§ The task
This exercise asks for every record to be output again exactly.

§ Listed entries

---

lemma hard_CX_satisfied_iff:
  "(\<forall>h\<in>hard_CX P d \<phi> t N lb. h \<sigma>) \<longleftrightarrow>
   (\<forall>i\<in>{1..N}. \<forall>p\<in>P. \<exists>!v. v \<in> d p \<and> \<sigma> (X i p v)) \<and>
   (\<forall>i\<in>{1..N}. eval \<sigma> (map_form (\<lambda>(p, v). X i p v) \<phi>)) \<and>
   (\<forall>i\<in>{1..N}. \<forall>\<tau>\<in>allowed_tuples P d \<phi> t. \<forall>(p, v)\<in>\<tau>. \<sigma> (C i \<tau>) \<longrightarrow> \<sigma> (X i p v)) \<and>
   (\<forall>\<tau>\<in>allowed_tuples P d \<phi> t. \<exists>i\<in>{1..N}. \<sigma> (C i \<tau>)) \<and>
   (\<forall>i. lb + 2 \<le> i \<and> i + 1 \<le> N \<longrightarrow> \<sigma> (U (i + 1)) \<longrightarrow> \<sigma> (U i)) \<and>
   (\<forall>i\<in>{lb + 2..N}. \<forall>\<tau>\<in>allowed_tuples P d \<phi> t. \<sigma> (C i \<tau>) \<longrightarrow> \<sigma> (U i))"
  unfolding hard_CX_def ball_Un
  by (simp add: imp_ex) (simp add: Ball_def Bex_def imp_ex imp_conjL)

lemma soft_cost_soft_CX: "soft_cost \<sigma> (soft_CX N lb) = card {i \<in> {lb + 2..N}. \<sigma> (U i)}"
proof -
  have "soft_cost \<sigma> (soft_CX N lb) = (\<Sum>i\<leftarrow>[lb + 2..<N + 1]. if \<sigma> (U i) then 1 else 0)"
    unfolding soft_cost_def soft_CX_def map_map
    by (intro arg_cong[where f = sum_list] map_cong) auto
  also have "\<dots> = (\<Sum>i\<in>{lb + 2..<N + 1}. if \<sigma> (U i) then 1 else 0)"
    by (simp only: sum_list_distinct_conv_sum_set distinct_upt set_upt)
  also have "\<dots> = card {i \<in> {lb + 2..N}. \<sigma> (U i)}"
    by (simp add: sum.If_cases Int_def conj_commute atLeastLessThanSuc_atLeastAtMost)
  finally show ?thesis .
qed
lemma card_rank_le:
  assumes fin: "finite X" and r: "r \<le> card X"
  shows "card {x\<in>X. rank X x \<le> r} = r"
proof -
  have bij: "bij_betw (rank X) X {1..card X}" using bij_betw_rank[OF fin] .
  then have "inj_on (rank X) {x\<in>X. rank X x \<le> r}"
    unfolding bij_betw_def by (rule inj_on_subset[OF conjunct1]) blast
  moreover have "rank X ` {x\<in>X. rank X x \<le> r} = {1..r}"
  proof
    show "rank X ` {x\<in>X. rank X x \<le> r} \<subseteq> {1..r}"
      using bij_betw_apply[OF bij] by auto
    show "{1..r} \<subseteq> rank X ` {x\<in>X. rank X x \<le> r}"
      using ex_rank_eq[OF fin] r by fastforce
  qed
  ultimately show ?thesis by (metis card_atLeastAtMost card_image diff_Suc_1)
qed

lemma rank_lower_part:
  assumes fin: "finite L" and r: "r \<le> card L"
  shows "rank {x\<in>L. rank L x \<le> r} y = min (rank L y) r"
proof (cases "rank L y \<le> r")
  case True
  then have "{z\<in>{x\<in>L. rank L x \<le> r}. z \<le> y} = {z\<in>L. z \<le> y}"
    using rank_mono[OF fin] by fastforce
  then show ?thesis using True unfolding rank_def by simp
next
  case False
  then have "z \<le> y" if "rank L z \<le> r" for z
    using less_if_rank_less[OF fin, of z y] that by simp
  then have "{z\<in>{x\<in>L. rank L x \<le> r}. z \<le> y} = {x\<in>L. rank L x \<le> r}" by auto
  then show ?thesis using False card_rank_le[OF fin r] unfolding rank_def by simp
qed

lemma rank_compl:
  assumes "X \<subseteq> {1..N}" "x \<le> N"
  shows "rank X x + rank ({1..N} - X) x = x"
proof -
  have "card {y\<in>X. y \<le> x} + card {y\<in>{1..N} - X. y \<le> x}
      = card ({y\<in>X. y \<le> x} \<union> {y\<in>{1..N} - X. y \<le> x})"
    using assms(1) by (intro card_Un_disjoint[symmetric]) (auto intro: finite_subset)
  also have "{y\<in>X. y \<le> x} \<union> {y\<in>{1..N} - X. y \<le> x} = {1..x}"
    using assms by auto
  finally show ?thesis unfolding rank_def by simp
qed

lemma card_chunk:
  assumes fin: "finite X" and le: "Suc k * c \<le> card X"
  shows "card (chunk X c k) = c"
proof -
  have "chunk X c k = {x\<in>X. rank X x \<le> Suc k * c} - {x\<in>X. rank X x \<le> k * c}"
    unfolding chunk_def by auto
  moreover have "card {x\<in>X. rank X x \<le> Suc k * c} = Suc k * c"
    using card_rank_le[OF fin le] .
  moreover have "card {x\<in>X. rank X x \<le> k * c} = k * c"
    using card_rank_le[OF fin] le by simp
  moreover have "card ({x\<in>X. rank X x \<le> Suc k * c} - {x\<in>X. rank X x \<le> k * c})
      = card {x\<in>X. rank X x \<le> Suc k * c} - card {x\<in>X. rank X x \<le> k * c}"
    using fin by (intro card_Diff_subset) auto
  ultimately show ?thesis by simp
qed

---

§ Final answer
lemma hard_CX_satisfied_iff:
  "(\<forall>h\<in>hard_CX P d \<phi> t N lb. h \<sigma>) \<longleftrightarrow>
   (\<forall>i\<in>{1..N}. \<forall>p\<in>P. \<exists>!v. v \<in> d p \<and> \<sigma> (X i p v)) \<and>
   (\<forall>i\<in>{1..N}. eval \<sigma> (map_form (\<lambda>(p, v). X i p v) \<phi>)) \<and>
   (\<forall>i\<in>{1..N}. \<forall>\<tau>\<in>allowed_tuples P d \<phi> t. \<forall>(p, v)\<in>\<tau>. \<sigma> (C i \<tau>) \<longrightarrow> \<sigma> (X i p v)) \<and>
   (\<forall>\<tau>\<in>allowed_tuples P d \<phi> t. \<exists>i\<in>{1..N}. \<sigma> (C i \<tau>)) \<and>
   (\<forall>i. lb + 2 \<le> i \<and> i + 1 \<le> N \<longrightarrow> \<sigma> (U (i + 1)) \<longrightarrow> \<sigma> (U i)) \<and>
   (\<forall>i\<in>{lb + 2..N}. \<forall>\<tau>\<in>allowed_tuples P d \<phi> t. \<sigma> (C i \<tau>) \<longrightarrow> \<sigma> (U i))"
  unfolding hard_CX_def ball_Un
  by (simp add: imp_ex) (simp add: Ball_def Bex_def imp_ex imp_conjL)

lemma soft_cost_soft_CX: "soft_cost \<sigma> (soft_CX N lb) = card {i \<in> {lb + 2..N}. \<sigma> (U i)}"
proof -
  have "soft_cost \<sigma> (soft_CX N lb) = (\<Sum>i\<leftarrow>[lb + 2..<N + 1]. if \<sigma> (U i) then 1 else 0)"
    unfolding soft_cost_def soft_CX_def map_map
    by (intro arg_cong[where f = sum_list] map_cong) auto
  also have "\<dots> = (\<Sum>i\<in>{lb + 2..<N + 1}. if \<sigma> (U i) then 1 else 0)"
    by (simp only: sum_list_distinct_conv_sum_set distinct_upt set_upt)
  also have "\<dots> = card {i \<in> {lb + 2..N}. \<sigma> (U i)}"
    by (simp add: sum.If_cases Int_def conj_commute atLeastLessThanSuc_atLeastAtMost)
  finally show ?thesis .
qed
lemma card_rank_le:
  assumes fin: "finite X" and r: "r \<le> card X"
  shows "card {x\<in>X. rank X x \<le> r} = r"
proof -
  have bij: "bij_betw (rank X) X {1..card X}" using bij_betw_rank[OF fin] .
  then have "inj_on (rank X) {x\<in>X. rank X x \<le> r}"
    unfolding bij_betw_def by (rule inj_on_subset[OF conjunct1]) blast
  moreover have "rank X ` {x\<in>X. rank X x \<le> r} = {1..r}"
  proof
    show "rank X ` {x\<in>X. rank X x \<le> r} \<subseteq> {1..r}"
      using bij_betw_apply[OF bij] by auto
    show "{1..r} \<subseteq> rank X ` {x\<in>X. rank X x \<le> r}"
      using ex_rank_eq[OF fin] r by fastforce
  qed
  ultimately show ?thesis by (metis card_atLeastAtMost card_image diff_Suc_1)
qed

lemma rank_lower_part:
  assumes fin: "finite L" and r: "r \<le> card L"
  shows "rank {x\<in>L. rank L x \<le> r} y = min (rank L y) r"
proof (cases "rank L y \<le> r")
  case True
  then have "{z\<in>{x\<in>L. rank L x \<le> r}. z \<le> y} = {z\<in>L. z \<le> y}"
    using rank_mono[OF fin] by fastforce
  then show ?thesis using True unfolding rank_def by simp
next
  case False
  then have "z \<le> y" if "rank L z \<le> r" for z
    using less_if_rank_less[OF fin, of z y] that by simp
  then have "{z\<in>{x\<in>L. rank L x \<le> r}. z \<le> y} = {x\<in>L. rank L x \<le> r}" by auto
  then show ?thesis using False card_rank_le[OF fin r] unfolding rank_def by simp
qed

lemma rank_compl:
  assumes "X \<subseteq> {1..N}" "x \<le> N"
  shows "rank X x + rank ({1..N} - X) x = x"
proof -
  have "card {y\<in>X. y \<le> x} + card {y\<in>{1..N} - X. y \<le> x}
      = card ({y\<in>X. y \<le> x} \<union> {y\<in>{1..N} - X. y \<le> x})"
    using assms(1) by (intro card_Un_disjoint[symmetric]) (auto intro: finite_subset)
  also have "{y\<in>X. y \<le> x} \<union> {y\<in>{1..N} - X. y \<le> x} = {1..x}"
    using assms by auto
  finally show ?thesis unfolding rank_def by simp
qed

lemma card_chunk:
  assumes fin: "finite X" and le: "Suc k * c \<le> card X"
  shows "card (chunk X c k) = c"
proof -
  have "chunk X c k = {x\<in>X. rank X x \<le> Suc k * c} - {x\<in>X. rank X x \<le> k * c}"
    unfolding chunk_def by auto
  moreover have "card {x\<in>X. rank X x \<le> Suc k * c} = Suc k * c"
    using card_rank_le[OF fin le] .
  moreover have "card {x\<in>X. rank X x \<le> k * c} = k * c"
    using card_rank_le[OF fin] le by simp
  moreover have "card ({x\<in>X. rank X x \<le> Suc k * c} - {x\<in>X. rank X x \<le> k * c})
      = card {x\<in>X. rank X x \<le> Suc k * c} - card {x\<in>X. rank X x \<le> k * c}"
    using fin by (intro card_Diff_subset) auto
  ultimately show ?thesis by simp
qed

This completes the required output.